Difficilissimo, vista la rapida evoluzione del quadro Covid e delle misure di contenimento, capire cosa sarà dei prossimi mesi, determinanti per il mercato del vino, con la fine dell’anno che, per tamntissime cantine, rappresenta il 25%-30% del fatturato. Anche qui, sbilanciandosi in un tentativo di sintesi, se dicembre consentirà una certa libertà di spostamenti e di socialità, con una riapertura della ristorazione anche alla sera, il quadro potrebbe migliorare, e portare il saldo annuale complessivo intorno ad un -10%/-15% che sarebbe da salutare quasi come un trionfo. In caso contrario, se arrivassero norme ancora più restrittive per contenere i contagi, la perdita potrebbe attestarsi intorno al -25%/-30%. È il quadro che emerge dall’indagine di WineNews che, in maniera anonima e riservata (e non scientifica), ha raccolto le testimonianze di oltre 25 realtà di primo piano del vino italiano, anche molto diverse tra loro: piccoli produttori di grande blasone focalizzati sulla ristorazione e sul collezionismo, grandi aziende strutturate capaci di coprire ogni fascia di prezzo e più canali distributivi, e grandi cooperative del vino più orientate sulla distribuzione moderna.
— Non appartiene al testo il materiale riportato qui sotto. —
(* Let $\mathcal{W}$ be a nonempty set and let $\mathcal{R}$ be a set of binary relations on $\mathcal{W}$ (subsets of $\mathcal{W}\times\mathcal{W}$) that is closed under composition $\circ$, where $r \circ r' = \{(w,w') : \exists w'' \in \mathcal{W},\ (w,w'') \in r \text{ and } (w'',w') \in r'\}$. Suppose $\mathcal{R}$ contains a relation $r$ of nontrivial finite order, i.e., there is an integer $n$ with $1 < n < \infty$ such that $r^n = r \circ \cdots \circ r$ ($n$ times) equals the identity relation $e = \{(w,w) : w \in \mathcal{W}\}$ and $r^k \neq e$ for $0<k<n$. Let $F$ be a field of characteristic $0$ (e.g. $\mathbb{R}$ or $\mathbb{C}$). Then there is no $F$-vector space $\mathbb{V}$ and map $\varphi : \mathcal{W} \to \mathbb{V}$ such that $(\mathcal{W}, \mathcal{R}, \mathbb{V}, \varphi)$ is a relation-as-vector representation that well-represents $\mathcal{R}$.
   Context: Given a set of words $\mathcal{W}$, a set $\mathcal{R}$ of binary relations on $\mathcal{W}$, a vector space $\mathbb{V}$ and a map $\varphi : \mathcal{W} \to \mathbb{V}$, the tuple $(\mathcal{W}, \mathcal{R}, \mathbb{V}, \varphi)$ is called a relation-as-vector representation if for every $r \in \mathcal{R}$ and all $a,b,c,d \in \mathcal{W}$ with $(a,b) \in r$ and $(c,d) \in r$ one has $\varphi(b) - \varphi(a) = \varphi(d) - \varphi(c)$; this common vector is denoted $\varphi(r) = \varphi(b)-\varphi(a)$. The set $\mathcal{R}$ is well-represented by such a representation if $\varphi(r) \neq \varphi(r')$ for all distinct $r, r' \in \mathcal{R}$. The order of $r$ refers to its order as an element of $(\mathcal{R}, \circ)$ with identity the identity relation. *)

theory Defs
  imports Main "HOL.Vector_Spaces"
begin

definition rel_as_vec_rep :: "('w \<times> 'w) set set \<Rightarrow> ('w \<Rightarrow> 'v::ab_group_add) \<Rightarrow> bool" where
  "rel_as_vec_rep R \<phi> \<longleftrightarrow>
     (\<forall>r\<in>R. \<forall>a b c d. (a, b) \<in> r \<longrightarrow> (c, d) \<in> r \<longrightarrow> \<phi> b - \<phi> a = \<phi> d - \<phi> c)"

definition rel_vec :: "('w \<Rightarrow> 'v::ab_group_add) \<Rightarrow> ('w \<times> 'w) set \<Rightarrow> 'v" where
  "rel_vec \<phi> r = (SOME v. \<exists>(a, b)\<in>r. v = \<phi> b - \<phi> a)"

definition well_represents :: "('w \<times> 'w) set set \<Rightarrow> ('w \<Rightarrow> 'v::ab_group_add) \<Rightarrow> bool" where
  "well_represents R \<phi> \<longleftrightarrow> (\<forall>r\<in>R. \<forall>r'\<in>R. r \<noteq> r' \<longrightarrow> rel_vec \<phi> r \<noteq> rel_vec \<phi> r')"

end

theory Submission
  imports Defs
begin

text \<open>In a relation-as-vector representation the vector of a composite is the sum of the vectors
  of its factors. If \<open>r ^^ n\<close> is the identity, the vector \<open>v\<close> of \<open>r\<close> therefore satisfies
  \<open>n v = 0\<close>, hence \<open>v = 0\<close> in characteristic 0. But the identity relation, which lies in the
  composition-closed family as \<open>r ^^ n\<close>, is also represented by \<open>0\<close>, so \<open>r\<close> and the identity
  are distinct relations with the same vector.\<close>

lemma relpow_Suc_mem_if_comp_closed:
  assumes "\<forall>s\<in>R. \<forall>t\<in>R. s O t \<in> R" and "r \<in> R"
  shows "r ^^ Suc k \<in> R"
proof (induction k)
  case 0
  then show ?case using assms(2) by simp
next
  case (Suc k)
  then show ?case using assms by simp
qed

lemma rel_vec_eqI:
  assumes "rel_as_vec_rep R \<phi>" and "r \<in> R" and "(a, b) \<in> r"
  shows "rel_vec \<phi> r = \<phi> b - \<phi> a"
proof -
  have "\<exists>(c, d)\<in>r. rel_vec \<phi> r = \<phi> d - \<phi> c"
    unfolding rel_vec_def by (rule someI_ex) (use assms(3) in blast)
  then obtain c d where "(c, d) \<in> r" and "rel_vec \<phi> r = \<phi> d - \<phi> c" by blast
  with assms show ?thesis unfolding rel_as_vec_rep_def by metis
qed

lemma rel_vec_Id_on:
  assumes "W \<noteq> {}"
  shows "rel_vec \<phi> (Id_on W) = 0"
proof -
  have "\<exists>(a, b)\<in>Id_on W. rel_vec \<phi> (Id_on W) = \<phi> b - \<phi> a"
    unfolding rel_vec_def by (rule someI_ex) (use assms in blast)
  then show ?thesis by (auto simp: Id_on_def)
qed

lemma relpow_diff_eq_sum:
  fixes \<phi> :: "'w \<Rightarrow> 'v::ab_group_add"
  assumes "\<forall>a b. (a, b) \<in> r \<longrightarrow> \<phi> b - \<phi> a = v" and "(a, b) \<in> r ^^ k"
  shows "\<phi> b - \<phi> a = (\<Sum>_<k. v)"
  using assms(2)
proof (induction k arbitrary: b)
  case 0
  then show ?case by simp
next
  case (Suc k)
  then obtain c where "(a, c) \<in> r ^^ k" and "(c, b) \<in> r" by (meson relpow_Suc_E)
  then have "\<phi> c - \<phi> a = (\<Sum>_<k. v)" and "\<phi> b - \<phi> c = v" using Suc.IH assms(1) by auto
  then show ?case by (simp add: algebra_simps)
qed

lemma sum_const_eq_0_imp_eq_0_char_0:
  fixes scale :: "'f::field_char_0 \<Rightarrow> 'v::ab_group_add \<Rightarrow> 'v" and n :: nat and v :: 'v
  assumes "vector_space scale" and "(\<Sum>_<n. v) = 0" and "0 < n"
  shows "v = 0"
proof -
  interpret vector_space scale by (fact assms(1))
  have "scale (of_nat n) v = scale (\<Sum>_<n. 1) v" by simp
  also have "\<dots> = (\<Sum>_<n. v)" by (simp only: scale_sum_left scale_one)
  finally show ?thesis using assms(2,3) by simp
qed

lemma rel_vec_eq_0_if_relpow_refl:
  fixes scale :: "'f::field_char_0 \<Rightarrow> 'v::ab_group_add \<Rightarrow> 'v" and \<phi> :: "'w \<Rightarrow> 'v" and n :: nat
  assumes "vector_space scale" and "rel_as_vec_rep R \<phi>" and "r \<in> R"
    and "(w, w) \<in> r ^^ n" and "0 < n"
  shows "rel_vec \<phi> r = 0"
proof -
  have "\<forall>a b. (a, b) \<in> r \<longrightarrow> \<phi> b - \<phi> a = rel_vec \<phi> r"
    using rel_vec_eqI[OF assms(2,3)] by simp
  then have "(\<Sum>_<n. rel_vec \<phi> r) = 0"
    using relpow_diff_eq_sum[OF _ assms(4)] by simp
  then show ?thesis using sum_const_eq_0_imp_eq_0_char_0[OF assms(1)] assms(5) by blast
qed

theorem theorem1:
  fixes W :: "'w set" and R :: "('w \<times> 'w) set set" and r :: "('w \<times> 'w) set" and n :: nat
  assumes "W \<noteq> {}"
    and "\<forall>s\<in>R. s \<subseteq> W \<times> W"
    and "\<forall>s\<in>R. \<forall>t\<in>R. s O t \<in> R"
    and "r \<in> R"
    and "1 < n"
    and "r ^^ n = Id_on W"
    and "\<forall>k. 0 < k \<and> k < n \<longrightarrow> r ^^ k \<noteq> Id_on W"
  shows "\<not> (\<exists>(scale :: 'f::field_char_0 \<Rightarrow> 'v::ab_group_add \<Rightarrow> 'v) (\<phi> :: 'w \<Rightarrow> 'v).
            vector_space scale \<and> rel_as_vec_rep R \<phi> \<and> well_represents R \<phi>)"
proof clarify
  fix scale :: "'f \<Rightarrow> 'v \<Rightarrow> 'v" and \<phi> :: "'w \<Rightarrow> 'v"
  assume vs: "vector_space scale" and rep: "rel_as_vec_rep R \<phi>" and wr: "well_represents R \<phi>"
  obtain w where "w \<in> W" using assms(1) by blast
  have Id_in_R: "Id_on W \<in> R"
    using relpow_Suc_mem_if_comp_closed[OF assms(3,4), of "n - 1"] assms(5,6) by simp
  have r_ne_Id: "r \<noteq> Id_on W" using assms(5,7) by force
  have "(w, w) \<in> r ^^ n" using \<open>w \<in> W\<close> assms(6) by auto
  then have "rel_vec \<phi> r = 0"
    using rel_vec_eq_0_if_relpow_refl[OF vs rep assms(4)] assms(5) by simp
  moreover have "rel_vec \<phi> (Id_on W) = 0" by (rule rel_vec_Id_on[OF assms(1)])
  ultimately show False
    using wr Id_in_R assms(4) r_ne_Id unfolding well_represents_def by metis
qed

end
Un quadro ovviamente difficile, ma potenzialmente non a tinte così fosche, nel complesso, come era lecito pensare nei mesi scorsi, anche alla luce di alcune considerazioni. A partire dal fatto che, nel contensto di un settore agroalimentare storicamente anticiclico, il vino, con il lavoro di produttori e comunicatori, negli anni, si è affrancato dall’agricoltura tout court, e da prodotto di prima necessità (come pasta o pomodoro, che, in questi mesi, hanno registrato addirittura incrementi a doppia cifra) è diventato prodotto di piacere, voluttuario. E la cui resistenza nei consumi, alla luce di questo, è ancora più significativa. Perchè per quanto elemento importante della quotidianità di molti, e piccolo lusso accessibile per tanti, in quanto tale, il vino, non è essenziale nelle priorità dei consumi delle famiglie d’Italia e del mondo, in questa fase in cui devono fare i conti con mille difficoltà anche di tipo economico, e che pure non vi rinunciano.
Altro fattore da considerare, è quello dell’export: se le cose ovviamente non brillano, in generale, i numeri e le parole tanti produttori segnalano che, in alcuni mercati strategici e fondamentali, come gli Usa, per esempio, il vino italiano ha beneficiato di condizioni fiscali favorevoli rispetto a competitor come la Francia e la Spagna, soprattutto. E, a fronte del tracollo di questi due Paesi, l’Italia del vino non solo ha retto, ma ha addirittura conquistato terreno, e visto delle piccole crescite sul fronte del posizionamento di prezzo, che lasciano intuire, o fanno sperare, in una crescita dei valori nel prossimo futuro, quando torneremo alla normalità. Cosa che tutti, ovviamente, si augurano che avvenga il prima possibile.